> Task requirements: Please return all of the entries below exactly as they are written.

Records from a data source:
————————
(* Let $(V_1,\dots,V_n)$ be an $n$-tuple of doubly non-commuting isometries on $H$ and let $1\le l\le n$. If $V_1,\dots,V_l$ are pure isometries and $\dim\big(\bigcap_{i=1}^l\ker V_i^*\big)<\infty$, then $V_{l+1},\dots,V_n$ are unitary operators on $H$.
   Context: Fix $n\ge1$ and $z_{ij}\in\mathbb T$ ($i\ne j$) with $z_{ji}=\overline{z_{ij}}$; $(V_1,\dots,V_n)$ is doubly non-commuting if the $V_i$ are isometries with $V_i^*V_j=\overline{z_{ij}}V_jV_i^*$ for $i\ne j$. An isometry $S$ on $H$ is a pure isometry if $\{0\}$ is the only $S$-invariant subspace of $H$ on which $S$ is unitary. *)

theory Defs
  imports "HOL-Analysis.Analysis"
begin

text \<open>Complex Hilbert spaces: a real Banach space with a complex scalar
multiplication and a complex inner product (linear in the first argument)
inducing the norm.\<close>

class chilbert = real_normed_vector + complete_space +
  fixes cscale :: "complex \<Rightarrow> 'a \<Rightarrow> 'a"
    and cinner :: "'a \<Rightarrow> 'a \<Rightarrow> complex"
  assumes cscale_of_real: "cscale (complex_of_real r) x = scaleR r x"
    and cscale_add_right: "cscale c (x + y) = cscale c x + cscale c y"
    and cscale_add_left: "cscale (a + b) x = cscale a x + cscale b x"
    and cscale_cscale: "cscale a (cscale b x) = cscale (a * b) x"
    and cscale_one: "cscale 1 x = x"
    and cinner_add_left: "cinner (x + y) z = cinner x z + cinner y z"
    and cinner_cscale_left: "cinner (cscale c x) y = c * cinner x y"
    and cinner_commute: "cinner y x = cnj (cinner x y)"
    and cinner_self: "cinner x x = complex_of_real ((norm x)\<^sup>2)"

definition bounded_clop :: "('a::chilbert \<Rightarrow> 'a) \<Rightarrow> bool" where
  "bounded_clop T \<longleftrightarrow> (\<forall>x y. T (x + y) = T x + T y) \<and>
     (\<forall>c x. T (cscale c x) = cscale c (T x)) \<and> (\<exists>K. \<forall>x. norm (T x) \<le> K * norm x)"

definition adj :: "('a::chilbert \<Rightarrow> 'a) \<Rightarrow> 'a \<Rightarrow> 'a" where
  "adj T = (SOME S. bounded_clop S \<and> (\<forall>x y. cinner (T x) y = cinner x (S y)))"

definition isometry :: "('a::chilbert \<Rightarrow> 'a) \<Rightarrow> bool" where
  "isometry V \<longleftrightarrow> bounded_clop V \<and> adj V \<circ> V = id"

definition unitary :: "('a::chilbert \<Rightarrow> 'a) \<Rightarrow> bool" where
  "unitary U \<longleftrightarrow> bounded_clop U \<and> adj U \<circ> U = id \<and> U \<circ> adj U = id"

definition csubspace :: "'a::chilbert set \<Rightarrow> bool" where
  "csubspace M \<longleftrightarrow> 0 \<in> M \<and> (\<forall>x\<in>M. \<forall>y\<in>M. x + y \<in> M) \<and> (\<forall>c. \<forall>x\<in>M. cscale c x \<in> M)"

definition closed_csubspace :: "'a::chilbert set \<Rightarrow> bool" where
  "closed_csubspace M \<longleftrightarrow> csubspace M \<and> closed M"

text \<open>Pure isometry: the only invariant (closed) subspace on which S is unitary
  (i.e. S maps it onto itself) is the zero subspace.\<close>
definition pure_isometry :: "('a::chilbert \<Rightarrow> 'a) \<Rightarrow> bool" where
  "pure_isometry S \<longleftrightarrow> isometry S \<and>
     (\<forall>M. closed_csubspace M \<and> S ` M = M \<longrightarrow> M = {0})"

definition cspan :: "'a::chilbert set \<Rightarrow> 'a set" where
  "cspan B = {y. \<exists>F c. finite F \<and> F \<subseteq> B \<and> y = (\<Sum>b\<in>F. cscale (c b) b)}"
————————
> Answer to this exercise:
(* Let $(V_1,\dots,V_n)$ be an $n$-tuple of doubly non-commuting isometries on $H$ and let $1\le l\le n$. If $V_1,\dots,V_l$ are pure isometries and $\dim\big(\bigcap_{i=1}^l\ker V_i^*\big)<\infty$, then $V_{l+1},\dots,V_n$ are unitary operators on $H$.
   Context: Fix $n\ge1$ and $z_{ij}\in\mathbb T$ ($i\ne j$) with $z_{ji}=\overline{z_{ij}}$; $(V_1,\dots,V_n)$ is doubly non-commuting if the $V_i$ are isometries with $V_i^*V_j=\overline{z_{ij}}V_jV_i^*$ for $i\ne j$. An isometry $S$ on $H$ is a pure isometry if $\{0\}$ is the only $S$-invariant subspace of $H$ on which $S$ is unitary. *)

theory Defs
  imports "HOL-Analysis.Analysis"
begin

text \<open>Complex Hilbert spaces: a real Banach space with a complex scalar
multiplication and a complex inner product (linear in the first argument)
inducing the norm.\<close>

class chilbert = real_normed_vector + complete_space +
  fixes cscale :: "complex \<Rightarrow> 'a \<Rightarrow> 'a"
    and cinner :: "'a \<Rightarrow> 'a \<Rightarrow> complex"
  assumes cscale_of_real: "cscale (complex_of_real r) x = scaleR r x"
    and cscale_add_right: "cscale c (x + y) = cscale c x + cscale c y"
    and cscale_add_left: "cscale (a + b) x = cscale a x + cscale b x"
    and cscale_cscale: "cscale a (cscale b x) = cscale (a * b) x"
    and cscale_one: "cscale 1 x = x"
    and cinner_add_left: "cinner (x + y) z = cinner x z + cinner y z"
    and cinner_cscale_left: "cinner (cscale c x) y = c * cinner x y"
    and cinner_commute: "cinner y x = cnj (cinner x y)"
    and cinner_self: "cinner x x = complex_of_real ((norm x)\<^sup>2)"

definition bounded_clop :: "('a::chilbert \<Rightarrow> 'a) \<Rightarrow> bool" where
  "bounded_clop T \<longleftrightarrow> (\<forall>x y. T (x + y) = T x + T y) \<and>
     (\<forall>c x. T (cscale c x) = cscale c (T x)) \<and> (\<exists>K. \<forall>x. norm (T x) \<le> K * norm x)"

definition adj :: "('a::chilbert \<Rightarrow> 'a) \<Rightarrow> 'a \<Rightarrow> 'a" where
  "adj T = (SOME S. bounded_clop S \<and> (\<forall>x y. cinner (T x) y = cinner x (S y)))"

definition isometry :: "('a::chilbert \<Rightarrow> 'a) \<Rightarrow> bool" where
  "isometry V \<longleftrightarrow> bounded_clop V \<and> adj V \<circ> V = id"

definition unitary :: "('a::chilbert \<Rightarrow> 'a) \<Rightarrow> bool" where
  "unitary U \<longleftrightarrow> bounded_clop U \<and> adj U \<circ> U = id \<and> U \<circ> adj U = id"

definition csubspace :: "'a::chilbert set \<Rightarrow> bool" where
  "csubspace M \<longleftrightarrow> 0 \<in> M \<and> (\<forall>x\<in>M. \<forall>y\<in>M. x + y \<in> M) \<and> (\<forall>c. \<forall>x\<in>M. cscale c x \<in> M)"

definition closed_csubspace :: "'a::chilbert set \<Rightarrow> bool" where
  "closed_csubspace M \<longleftrightarrow> csubspace M \<and> closed M"

text \<open>Pure isometry: the only invariant (closed) subspace on which S is unitary
  (i.e. S maps it onto itself) is the zero subspace.\<close>
definition pure_isometry :: "('a::chilbert \<Rightarrow> 'a) \<Rightarrow> bool" where
  "pure_isometry S \<longleftrightarrow> isometry S \<and>
     (\<forall>M. closed_csubspace M \<and> S ` M = M \<longrightarrow> M = {0})"

definition cspan :: "'a::chilbert set \<Rightarrow> 'a set" where
  "cspan B = {y. \<exists>F c. finite F \<and> F \<subseteq> B \<and> y = (\<Sum>b\<in>F. cscale (c b) b)}"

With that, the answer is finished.